• What is expected
Your answer must be the full set of records, repeated exactly.
Start of Dataset
lemma comp_integrand_measurable:
  assumes LU: "L \<subseteq> U" and U: "U \<subseteq> - future (D \<union> L)" and A: "A \<in> sets (Fsig M U)"
  shows "(\<lambda>\<sigma>. \<gamma>L A \<sigma>) \<in> borel_measurable (Fsig M (past L \<union> (U - L)))"
    and "past L \<union> (U - L) \<subseteq> - future D"
proof -
  show "(\<lambda>\<sigma>. \<gamma>L A \<sigma>) \<in> borel_measurable (Fsig M (past L \<union> (U - L)))"
    using KL.kernel_measurable_coords[OF LU _ A] U domain_subset by blast
  show "past L \<union> (U - L) \<subseteq> - future D"
    using past_subset_past_outer[OF outer_sym[OF DL]] past_outer_subset[OF KD.tL] U domain_subset
    by blast
qed

lemma comp_measurable:
  assumes LU: "L \<subseteq> U" and U: "U \<subseteq> - future (D \<union> L)" and A: "A \<in> sets (Fsig M U)"
  shows "(\<lambda>\<omega>. kernel_comp M D \<gamma>D \<gamma>L A \<omega>) \<in> borel_measurable (Fsig M (past (D \<union> L) \<union> (U - (D \<union> L))))"
proof -
  let ?Z = "D \<union> (past L \<union> (U - L))"
  note f = comp_integrand_measurable[OF LU U A]
  have A_dom: "A \<in> sets (Fsig M (- future L))" using A Fsig_mono[of U "- future L"] U domain_subset by blast
  have "(\<lambda>\<omega>. \<integral>\<sigma>. \<gamma>L A \<sigma> \<partial>kernel_measure M D \<gamma>D \<omega>) \<in> borel_measurable (Fsig M (past D \<union> (?Z - D)))"
  proof (rule KD.kernel_integral_measurable)
    show "?Z \<subseteq> - future D" using f(2) box_Int_future[of D] by blast
    show "(\<lambda>\<sigma>. \<gamma>L A \<sigma>) \<in> borel_measurable (Fsig M ?Z)" using f(1) by (rule measurable_Fsig_mono) blast
    show "0 \<le> \<gamma>L A \<sigma>" if "\<sigma> \<in> Omega M" for \<sigma> using KL.kernel_bounds[OF that A_dom] by simp
  qed simp
  moreover have "past D \<union> (?Z - D) \<subseteq> past (D \<union> L) \<union> (U - (D \<union> L))"
    using past_Un[OF DL] by blast
  ultimately show ?thesis unfolding kernel_comp_def by (rule measurable_Fsig_mono)
qed


text \<open>On the domain of the union box the composition is well defined: the integrand is
  measurable for \<open>\<gamma>D(\<cdot>, \<omega>)\<close>, takes values in \<open>[0, 1]\<close>, hence is integrable.\<close>
lemma comp_integrand_kernel_measurable:
  assumes A: "A \<in> sets (Fsig M (- future (D \<union> L)))"
  shows "(\<lambda>\<sigma>. \<gamma>L A \<sigma>) \<in> borel_measurable (kernel_measure M D \<gamma>D \<omega>)"
proof -
  have LV: "L \<subseteq> - future (D \<union> L)" using boxes_in_domain by blast
  note f = comp_integrand_measurable[OF LV order.refl A]
  show ?thesis by (rule KD.measurable_kernel_measure[OF f(2) f(1)])
qed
End of Dataset
• Answer box
lemma comp_integrand_measurable:
  assumes LU: "L \<subseteq> U" and U: "U \<subseteq> - future (D \<union> L)" and A: "A \<in> sets (Fsig M U)"
  shows "(\<lambda>\<sigma>. \<gamma>L A \<sigma>) \<in> borel_measurable (Fsig M (past L \<union> (U - L)))"
    and "past L \<union> (U - L) \<subseteq> - future D"
proof -
  show "(\<lambda>\<sigma>. \<gamma>L A \<sigma>) \<in> borel_measurable (Fsig M (past L \<union> (U - L)))"
    using KL.kernel_measurable_coords[OF LU _ A] U domain_subset by blast
  show "past L \<union> (U - L) \<subseteq> - future D"
    using past_subset_past_outer[OF outer_sym[OF DL]] past_outer_subset[OF KD.tL] U domain_subset
    by blast
qed

lemma comp_measurable:
  assumes LU: "L \<subseteq> U" and U: "U \<subseteq> - future (D \<union> L)" and A: "A \<in> sets (Fsig M U)"
  shows "(\<lambda>\<omega>. kernel_comp M D \<gamma>D \<gamma>L A \<omega>) \<in> borel_measurable (Fsig M (past (D \<union> L) \<union> (U - (D \<union> L))))"
proof -
  let ?Z = "D \<union> (past L \<union> (U - L))"
  note f = comp_integrand_measurable[OF LU U A]
  have A_dom: "A \<in> sets (Fsig M (- future L))" using A Fsig_mono[of U "- future L"] U domain_subset by blast
  have "(\<lambda>\<omega>. \<integral>\<sigma>. \<gamma>L A \<sigma> \<partial>kernel_measure M D \<gamma>D \<omega>) \<in> borel_measurable (Fsig M (past D \<union> (?Z - D)))"
  proof (rule KD.kernel_integral_measurable)
    show "?Z \<subseteq> - future D" using f(2) box_Int_future[of D] by blast
    show "(\<lambda>\<sigma>. \<gamma>L A \<sigma>) \<in> borel_measurable (Fsig M ?Z)" using f(1) by (rule measurable_Fsig_mono) blast
    show "0 \<le> \<gamma>L A \<sigma>" if "\<sigma> \<in> Omega M" for \<sigma> using KL.kernel_bounds[OF that A_dom] by simp
  qed simp
  moreover have "past D \<union> (?Z - D) \<subseteq> past (D \<union> L) \<union> (U - (D \<union> L))"
    using past_Un[OF DL] by blast
  ultimately show ?thesis unfolding kernel_comp_def by (rule measurable_Fsig_mono)
qed


text \<open>On the domain of the union box the composition is well defined: the integrand is
  measurable for \<open>\<gamma>D(\<cdot>, \<omega>)\<close>, takes values in \<open>[0, 1]\<close>, hence is integrable.\<close>
lemma comp_integrand_kernel_measurable:
  assumes A: "A \<in> sets (Fsig M (- future (D \<union> L)))"
  shows "(\<lambda>\<sigma>. \<gamma>L A \<sigma>) \<in> borel_measurable (kernel_measure M D \<gamma>D \<omega>)"
proof -
  have LV: "L \<subseteq> - future (D \<union> L)" using boxes_in_domain by blast
  note f = comp_integrand_measurable[OF LV order.refl A]
  show ?thesis by (rule KD.measurable_kernel_measure[OF f(2) f(1)])
qed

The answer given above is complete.